Pretoria, South Africa, The trial in the case of the Paralympic athlete Oscar Pistorius abruptly adjourned Thursday with one charge of unlawful homicide against him still pending.

The judge, Thokozile Matilda Masipa, had earlier cleared Mr. Pistorius of the gravest murder charges against him.

Then, after a lunch break, Judge Masipa added to the courtroom tension when she adjourned the case until Friday morning, saying that Mr. Pistorius “acted too hastily,” “used excessive force” and had been negligent in his conduct. Her decision to suspend the hearings was not explained. “We’ll have to stop here,” she said, “and resume tomorrow morning.”

Earlier, calmly and coolly taking up piece after piece of evidence, dismissing some, discounting others, offering practical interpretations of still more, Judge Masipa said that although Mr. Pistorius made a poor and evasive witness, she found large parts of his story credible. Most significantly, she said it seemed — or at least that the prosecution had been unable to prove otherwise — that when he shot and killed his girlfriend, Reeva Steenkamp, 29, through a bathroom door in February 2013, Mr. Pistorius genuinely believed that intruders had broken into his home and were hiding in the bathroom at the time.

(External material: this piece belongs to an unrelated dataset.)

(* Let $A\in\mathbb{R}_{\max}^{n\times n}$ with $\lambda(A)\ne-\infty$, $g=g(\mathrm{crit}(A))$, and let $A_1,B_1,A_2$ be built from $A$ and $g$. Assume that $A_2<CSR[A_1]$, that $\mathrm{crit}(A)$ is strongly connected and contains the cycle $(1,2,\dots,g,1)$, that $g$ and $n$ are coprime, and that $(j-i-1)\lambda(A)+(B_1)_{ij}<(A_1^{\,j-i})_{ij}$ whenever $i>g$, $j>i+1$ and $j\equiv i+1\pmod g$. Then $CS^tR[A_1]=CS^tR[A_1\oplus B_1]$ for all $t\ge1$.
   Context: Max-plus semiring $\mathbb{R}_{\max}=\mathbb{R}\cup\{-\infty\}$ with $a\oplus b=\max(a,b)$, $a\otimes b=a+b$; $(A\oplus B)_{ij}=\max(a_{ij},b_{ij})$, $(AB)_{ij}=\max_k(a_{ik}+b_{kj})$; $A^t$ is the $t$-th max-plus power, $A^0=I$. $\mathcal{D}(A)$ is the digraph on $\{1,\dots,n\}$ with arc $(i,j)$ of weight $a_{ij}$ whenever $a_{ij}\ne-\infty$; walks, length (number of arcs), weight (sum of arc weights), cycles as usual. $\lambda(A)$ is the maximal cycle mean ($-\infty$ if no cycle). $\mathrm{crit}(A)$ is the subgraph of all nodes and arcs of cycles attaining $\lambda(A)$; its nodes are critical. $g(\mathrm{crit}(A))$ is the maximum over strongly connected components of $\mathrm{crit}(A)$ of their minimal cycle length. The cyclicity of $\mathrm{crit}(A)$ is the lcm over components of the gcd of their cycle lengths. CSR terms: if $\lambda=\lambda(A)\ne-\infty$, with $\gamma$ the cyclicity of $\mathrm{crit}(A)$, $A_\lambda$ equal to $A$ with $\lambda$ subtracted from every finite entry, $M=I\oplus N\oplus\dots\oplus N^{n-1}$ where $N=A_\lambda^\gamma$: $c_{ij}=m_{ij}$ if $j$ critical, else $-\infty$; $r_{ij}=m_{ij}$ if $i$ critical, else $-\infty$; $s_{ij}=a_{ij}$ if $(i,j)$ is an arc of $\mathrm{crit}(A)$, else $-\infty$; $CS^tR[A]$ is the product $CS^tR$ and $CSR[A]=CS^1R[A]$. If $\lambda(A)=-\infty$, $CS^tR[A]$ is the all-$(-\infty)$ matrix. Strict order: for matrices or scalars, $X<Y$ means $x_{ij}\le y_{ij}$ for all $i,j$, with $x_{ij}=y_{ij}$ only if both equal $-\infty$. Given $A$ and $g$: $(A_1)_{ij}=a_{ij}$ if ($j=i+1$ and $1\le i\le n-1$) or $(i,j)\in\{(n,1),(g,1)\}$, and $-\infty$ otherwise; $(B_1)_{ij}=a_{ij}$ if $i>g$, $j>g$ and $j\equiv i+1\pmod g$, and $-\infty$ otherwise; $(A_2)_{ij}=-\infty$ if $(A_1\oplus B_1)_{ij}>-\infty$, and $a_{ij}$ otherwise. *)

theory Defs
  imports "HOL-Library.Extended_Real"
begin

Sitting in a wooden dock in a dark suit, white shirt and black tie, Mr. Pistorius slumped forward and sobbed as the judge spoke.

There are no jury trials in South Africa, so it has been left to Judge Masipa, with the help of two aides, to render the verdict on her own. According to normal procedures in the country, the judgment includes a summation of the facts, an analysis of the evidence, and then the announcement of the verdict, charge after charge. The judge is spending the day reading her verdict to the court.

Judge Masipa also dismissed out of hand large portions of the prosecution’s evidence, in particular the testimony of neighbors who said they had heard the sounds of a man and woman arguing in Mr. Pistorius’s house before the shots were fired. And she said that prosecution evidence culled from WhatsApp text messages and meant to demonstrate that Mr. Pistorius and Ms. Steenkamp’s relationship was “on the rocks,” as she put it, could not be considered relevant. Nor, she said, could seemingly contradictory text-message evidence from the defense meant to show that the couple had a loving relationship be helpful in reaching a verdict.

“In my view, none of this evidence, from the state or defense, proves anything, she said. “Normal relationships are dynamic and unpredictable sometimes.”

In being acquitted of the two harshest charges against him – premeditated murder and a lesser charge known simply as “murder” – Mr. Pistorius has possibly escaped a lengthy prison sentence. But culpable homicide, which is defined as the negligent killing of another person and is roughly comparable to involuntary manslaughter, can carry a wide range of sentences, at the discretion of the judge, from no jail time to more than 15 years in jail.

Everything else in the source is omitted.